Подтолкнул меня, видимо к зеркалу, целуя шею, за ухом, вызывая дрожь от щекотки.

– Вот теперь открой.

Я распахнула глаза, но сначала увидела его отражение. Жадно пожирая взглядом каждую черту, глядя в глаза, все еще продолжая кусать губы, а потом посмотрела на ожерелье. Очень хрупкое и тонкое, в виде сплетенных бутонов роз, а по краю лепестков, как роса или слёзы, блестят маленькие бриллианты, и в середине надпись на стебле одного из цветков: «Дыши мной». Снова перевела взгляд на его лицо, переставая улыбаться, заводя руку назад, обнимая и чувствуя, как дерет в горле от переизбытка эмоций.

– Я всегда дышу тобой… мыслями о тебе, твоим присутствием в моей жизни, твоим голосом, запахом. Всем, что имеет отношение к тебе. Если тебя не будет рядом – я умру.

– Меня не будет рядом, только если меня закопали на три метра под землю, и то, если живым – выберусь и вернусь обратно.

Зарылся лицом в мои волосы.

– Это я сдохну, если тебя не будет рядом… Или убью тебя сам, если уйдешь или предашь меня.

Я улыбнулась, а он в этот момент сильно сжал меня под ребрами, настолько сильно, что у меня перехватило дыхание.

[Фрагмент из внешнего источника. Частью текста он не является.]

lemma renyi_moment_eq_SUP_truncated:
  assumes a: "\<alpha> > 0"
  shows "renyi_moment \<alpha> P Q
    = (SUP n. \<integral>\<^sup>+x. ennreal (min (enn2real (RN_deriv Q P x)) (real n) powr \<alpha>) \<partial>Q)"
proof -
  define \<rho> where "\<rho> x = enn2real (RN_deriv Q P x)" for x
  have "renyi_moment \<alpha> P Q = (\<integral>\<^sup>+x. (SUP n. ennreal (min (\<rho> x) (real n) powr \<alpha>)) \<partial>Q)"
    unfolding renyi_moment_def \<rho>_def[symmetric]
  proof (intro nn_integral_cong antisym)
    fix x
    have "min (\<rho> x) (real (nat \<lceil>\<rho> x\<rceil>)) = \<rho> x" by linarith
    then show "ennreal (\<rho> x powr \<alpha>) \<le> (SUP n. ennreal (min (\<rho> x) (real n) powr \<alpha>))"
      by (intro SUP_upper2[of "nat \<lceil>\<rho> x\<rceil>"]) auto
    show "(SUP n. ennreal (min (\<rho> x) (real n) powr \<alpha>)) \<le> ennreal (\<rho> x powr \<alpha>)"
      using a by (intro SUP_least ennreal_leI powr_mono2) (auto simp: \<rho>_def)
  qed
  also have "\<dots> = (SUP n. \<integral>\<^sup>+x. ennreal (min (\<rho> x) (real n) powr \<alpha>) \<partial>Q)"
    using a by (intro nn_integral_monotone_convergence_SUP)
      (auto simp: incseq_def le_fun_def \<rho>_def intro!: ennreal_leI powr_mono2)
  finally show ?thesis by (simp add: \<rho>_def)
qed

lemma truncated_renyi_moment_le_if_renyi_dual_bound:
  assumes P: "prob_space P" and Q: "prob_space Q" and a: "\<alpha> > 1" and K: "0 \<le> K"
    and sPQ: "sets P = sets Q" and ac: "absolutely_continuous Q P"
    and D: "renyi_dual_bound \<alpha> K P Q"
  shows "(\<integral>\<^sup>+x. ennreal (min (enn2real (RN_deriv Q P x)) (real n) powr \<alpha>) \<partial>Q) \<le> ennreal K"
proof -
  interpret P: prob_space P by fact
  interpret Q: prob_space Q by fact
  define \<rho> where "\<rho> x = enn2real (RN_deriv Q P x)" for x
  define m where "m x = min (\<rho> x) (real n)" for x
  define E where "E = (\<integral>\<^sup>+x. ennreal (m x powr \<alpha>) \<partial>Q)"
  have m0: "0 \<le> m x" for x by (simp add: m_def \<rho>_def)
  have fin: "AE x in Q. RN_deriv Q P x \<noteq> \<infinity>"
    using sPQ ac by (intro Q.RN_deriv_finite) (auto intro: P.sigma_finite_measure)
  have "E \<le> (\<integral>\<^sup>+x. ennreal (real n powr \<alpha>) \<partial>Q)"
    unfolding E_def using m0 a by (intro nn_integral_mono ennreal_leI powr_mono2) (auto simp: m_def)
  then obtain e where e: "E = ennreal e" "0 \<le> e"
    by (metis Q.emeasure_space_1 ennreal_cases ennreal_less_top mult.right_neutral
        nn_integral_const top.not_eq_extremum neq_top_trans)
  \<comment> \<open>\<open>m^\<alpha> \<le> \<rho> m^(\<alpha>-1)\<close>, and testing the dual bound with \<open>m^(\<alpha>-1)\<close> gives
     \<open>E \<le> K/\<alpha> + (\<alpha>-1)/\<alpha> E\<close>; truncation keeps \<open>E\<close> finite\<close>
  have "E \<le> (\<integral>\<^sup>+x. ennreal (\<rho> x * m x powr (\<alpha> - 1)) \<partial>Q)"
    unfolding E_def
  proof (intro nn_integral_mono ennreal_leI)
    fix x
    have "m x powr \<alpha> = m x * m x powr (\<alpha> - 1)"
      using m0[of x] powr_add[of "m x" 1 "\<alpha> - 1"] by (cases "m x = 0") auto
    also have "\<dots> \<le> \<rho> x * m x powr (\<alpha> - 1)"
      by (intro mult_right_mono) (auto simp: m_def)
    finally show "m x powr \<alpha> \<le> \<rho> x * m x powr (\<alpha> - 1)" .
  qed
  also have "\<dots> = (\<integral>\<^sup>+x. RN_deriv Q P x * ennreal (m x powr (\<alpha> - 1)) \<partial>Q)"
    using fin by (intro nn_integral_cong_AE) (auto simp: \<rho>_def ennreal_mult' less_top)
  also have "\<dots> = (\<integral>\<^sup>+x. ennreal (m x powr (\<alpha> - 1)) \<partial>P)"
    using ac sPQ by (intro Q.RN_deriv_nn_integral[symmetric]) (auto simp: m_def \<rho>_def)
  also have "\<dots> \<le> ennreal (K / \<alpha>)
      + ennreal ((\<alpha> - 1) / \<alpha>) * (\<integral>\<^sup>+x. ennreal ((m x powr (\<alpha> - 1)) powr (\<alpha> / (\<alpha> - 1))) \<partial>Q)"
    using D unfolding renyi_dual_bound_def by (auto simp: m_def \<rho>_def)
  also have "(\<integral>\<^sup>+x. ennreal ((m x powr (\<alpha> - 1)) powr (\<alpha> / (\<alpha> - 1))) \<partial>Q) = E"
    unfolding E_def using a by (simp add: powr_powr)
  finally have "ennreal e \<le> ennreal (K / \<alpha> + (\<alpha> - 1) / \<alpha> * e)"
    using a e K by (simp add: ennreal_mult'[symmetric])
  then have "e \<le> K / \<alpha> + (\<alpha> - 1) / \<alpha> * e"
    using a K e by (subst (asm) ennreal_le_iff) auto
  then have "e \<le> K" using a by (simp add: field_simps)
  then show ?thesis using e by (simp add: E_def m_def \<rho>_def ennreal_leI)
qed
text \<open>Maurer--Cartan equation: the \<open>N\<close>-th Cauchy coefficient of \<open>{c, c}\<close> is twice that of
  \<open>d c\<close>, by the symmetry of the binomial coefficients.\<close>
lemma d_c: "d c = invn 2 * br c c"
proof -
  have Cauchy: "fsums (\<lambda>N. \<Sum>i\<le>N. br (c_term i) (c_term (N - i))) (br c c)"
    by (rule fsums_Cauchy_product[OF additive_br_left additive_br_right br_F
          fsums_c c_term_in_F' fsums_c c_term_in_F'])
  have coefficients: "invn 2 * (\<Sum>i\<le>N. br (c_term i) (c_term (N - i))) = d (c_term (Suc N))" for N
  proof -
    have "invn 2 * of_nat 2 = (1::'a)" by (rule invn_mult_of_nat) simp
    then show ?thesis
      unfolding sum_br_c_term d_c_term lessThan_Suc_atMost diff_Suc_Suc
      by (simp only: mult.assoc[symmetric] mult_1_left)
  qed
  from fsums_mult[OF Cauchy, of "invn 2"]
  have "fsums (\<lambda>N. d (c_term (Suc N))) (invn 2 * br c c)"
    unfolding coefficients .
  moreover have "d (c_term 0) = 0"
    by (simp add: d_c_term)
  ultimately have "fsums (\<lambda>k. d (c_term k)) (invn 2 * br c c)"
    using fsums_Suc[of "\<lambda>k. d (c_term k)"] by simp
  then show ?thesis
    using fsums_unique2 fsums_map[OF additive_d d_F fsums_c] by blast
qed

end

theorem mainTheorem9:
  fixes G F :: "nat \<Rightarrow> 'a::ring_1 set" and br :: "'a \<Rightarrow> 'a \<Rightarrow> 'a" and d :: "'a \<Rightarrow> 'a"
    and r :: 'a
  assumes "complete_filtered_BV G F br d"
    and "r \<in> F 1" and "r \<in> G 1"
  shows "d \<circ> T_exp F br d r = T_exp F br d r \<circ> d"
proof
  interpret BV_odd_element F G br d r
    by (intro BV_odd_element.intro complete_filtered_BV_algebraI BV_odd_element_axioms.intro assms)
  fix a
  have "d (T_exp F br d r a) = alg_exp F c * (d (exp_ad F br r a) - br c (exp_ad F br r a))"
    unfolding T_exp_def by (rule d_alg_exp_mult[OF c_even c_in_F1 d_c])
  also have "\<dots> = T_exp F br d r (d a)"
    unfolding T_exp_def d_exp_ad by simp
  finally show "(d \<circ> T_exp F br d r) a = (T_exp F br d r \<circ> d) a"
    by simp
qed

end
lemma emeasure_joint_law:
  assumes V: "V \<in> sets ((MX \<Otimes>\<^sub>M MY) \<Otimes>\<^sub>M MZ)"
  shows "emeasure M {\<omega>\<in>space M. ((X \<omega>, Y \<omega>), Z \<omega>) \<in> V}
    = (\<integral>\<^sup>+z. \<integral>\<^sup>+y. emeasure (K y) {x\<in>space MX. ((x, y), z) \<in> V} \<partial>distr M MY Y \<partial>distr M MZ Z)"
proof -
  let ?PXY = "distr M (MX \<Otimes>\<^sub>M MY) (\<lambda>\<omega>. (X \<omega>, Y \<omega>))"
  interpret XY_Z: pair_prob_space ?PXY "distr M MZ Z"
    by (simp add: pair_prob_space_def pair_sigma_finite_def prob_space_distr prob_space_imp_sigma_finite)
  have F: "(\<lambda>y. distr (K y) (MX \<Otimes>\<^sub>M MY) (\<lambda>x. (x, y))) \<in> MY \<rightarrow>\<^sub>M prob_algebra (MX \<Otimes>\<^sub>M MY)"
    by measurable
  have "emeasure M {\<omega>\<in>space M. ((X \<omega>, Y \<omega>), Z \<omega>) \<in> V}
      = emeasure (distr M ((MX \<Otimes>\<^sub>M MY) \<Otimes>\<^sub>M MZ) (\<lambda>\<omega>. ((X \<omega>, Y \<omega>), Z \<omega>))) V"
    using V by (simp add: emeasure_distr vimage_def Int_def conj_commute)
  also have "\<dots> = emeasure (?PXY \<Otimes>\<^sub>M distr M MZ Z) V"
    by (simp add: indep_rv_joint_law[OF prob_space_axioms _ Z indep])
  also have "\<dots> = (\<integral>\<^sup>+z. emeasure ?PXY ((\<lambda>p. (p, z)) -` V) \<partial>distr M MZ Z)"
    using V by (simp add: XY_Z.emeasure_pair_measure_alt2)
  also have "\<dots> = (\<integral>\<^sup>+z. \<integral>\<^sup>+y. emeasure (K y) {x\<in>space MX. ((x, y), z) \<in> V} \<partial>distr M MY Y \<partial>distr M MZ Z)"
  proof (rule nn_integral_cong)
    fix z
    have Vz: "(\<lambda>p. (p, z)) -` V \<in> sets (MX \<Otimes>\<^sub>M MY)" using sets_Pair2[OF V] .
    have "emeasure ?PXY ((\<lambda>p. (p, z)) -` V)
        = (\<integral>\<^sup>+y. emeasure (distr (K y) (MX \<Otimes>\<^sub>M MY) (\<lambda>x. (x, y))) ((\<lambda>p. (p, z)) -` V) \<partial>distr M MY Y)"
      unfolding regular_cond_prob_joint_law[OF prob_space_axioms X Y rcp]
      using emeasure_bind_prob_algebra[OF law_in_prob_algebra[OF Y] F Vz] .
    also have "\<dots> = (\<integral>\<^sup>+y. emeasure (K y) {x\<in>space MX. ((x, y), z) \<in> V} \<partial>distr M MY Y)"
    proof (rule nn_integral_cong)
      fix y assume "y \<in> space (distr M MY Y)"
      then have y: "y \<in> space MY" by simp
      show "emeasure (distr (K y) (MX \<Otimes>\<^sub>M MY) (\<lambda>x. (x, y))) ((\<lambda>p. (p, z)) -` V)
          = emeasure (K y) {x\<in>space MX. ((x, y), z) \<in> V}"
        by (simp add: emeasure_distr_Pair_const[OF sets_K[OF y] y Vz])
    qed
    finally show "emeasure ?PXY ((\<lambda>p. (p, z)) -` V)
        = (\<integral>\<^sup>+y. emeasure (K y) {x\<in>space MX. ((x, y), z) \<in> V} \<partial>distr M MY Y)" .
  qed
  finally show ?thesis .
qed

– Больше всего я боюсь, что смогу причинить тебе боль, малыш…– продолжает держать все так же сильно, целуя затылок, и я стараюсь не дышать, потому что больно и потому что чувствую, как он в этот момент напряжен, как говорит что-то, чего раньше никогда бы не сказал вслух. – Больше всего я боюсь, что ты можешь заставить меня причинить её тебе.

Я зарылась пальцами ему в волосы, все еще чувствуя, как он вдыхает сзади мой запах и скользит щекой по моим волосам, в каком-то хаотичном исступлении, погруженный в свои мысли, слова.

– Ты не можешь причинить мне боль… Только не мне. Я в это не верю.

Он ничего не ответил, разжал пальцы. Скользнул вверх к груди, обхватил ладонями.

– Пошли к гостям, малыш. Нас уже заждались. Я чертовски соскучился по брату и племяннице. Давно не видел его лощенную физиономию и костюмчик от Армани.

Одной рукой все еще сжимая грудь, второй провел по горлу, ключицам и по ожерелью. Поцеловал меня в губы и тихо попросил:

– Не снимай… когда забудешь, как дышать, у тебя есть напоминание. А теперь пошли, не то я отправлю всех к чертовой матери и буду утолять свой адский голод до утра.

***

Я смотрела, как Максим рывком обнял Андрея, как тот похлопал его по спине, так же крепко сжимая в сильных объятиях.

А потом пристально посмотрел на прическу Макса и усмехнулся, иронично приподняв одну бровь:

– Ты забыл причесаться. По правилам этикета вначале принято здороваться с гостями…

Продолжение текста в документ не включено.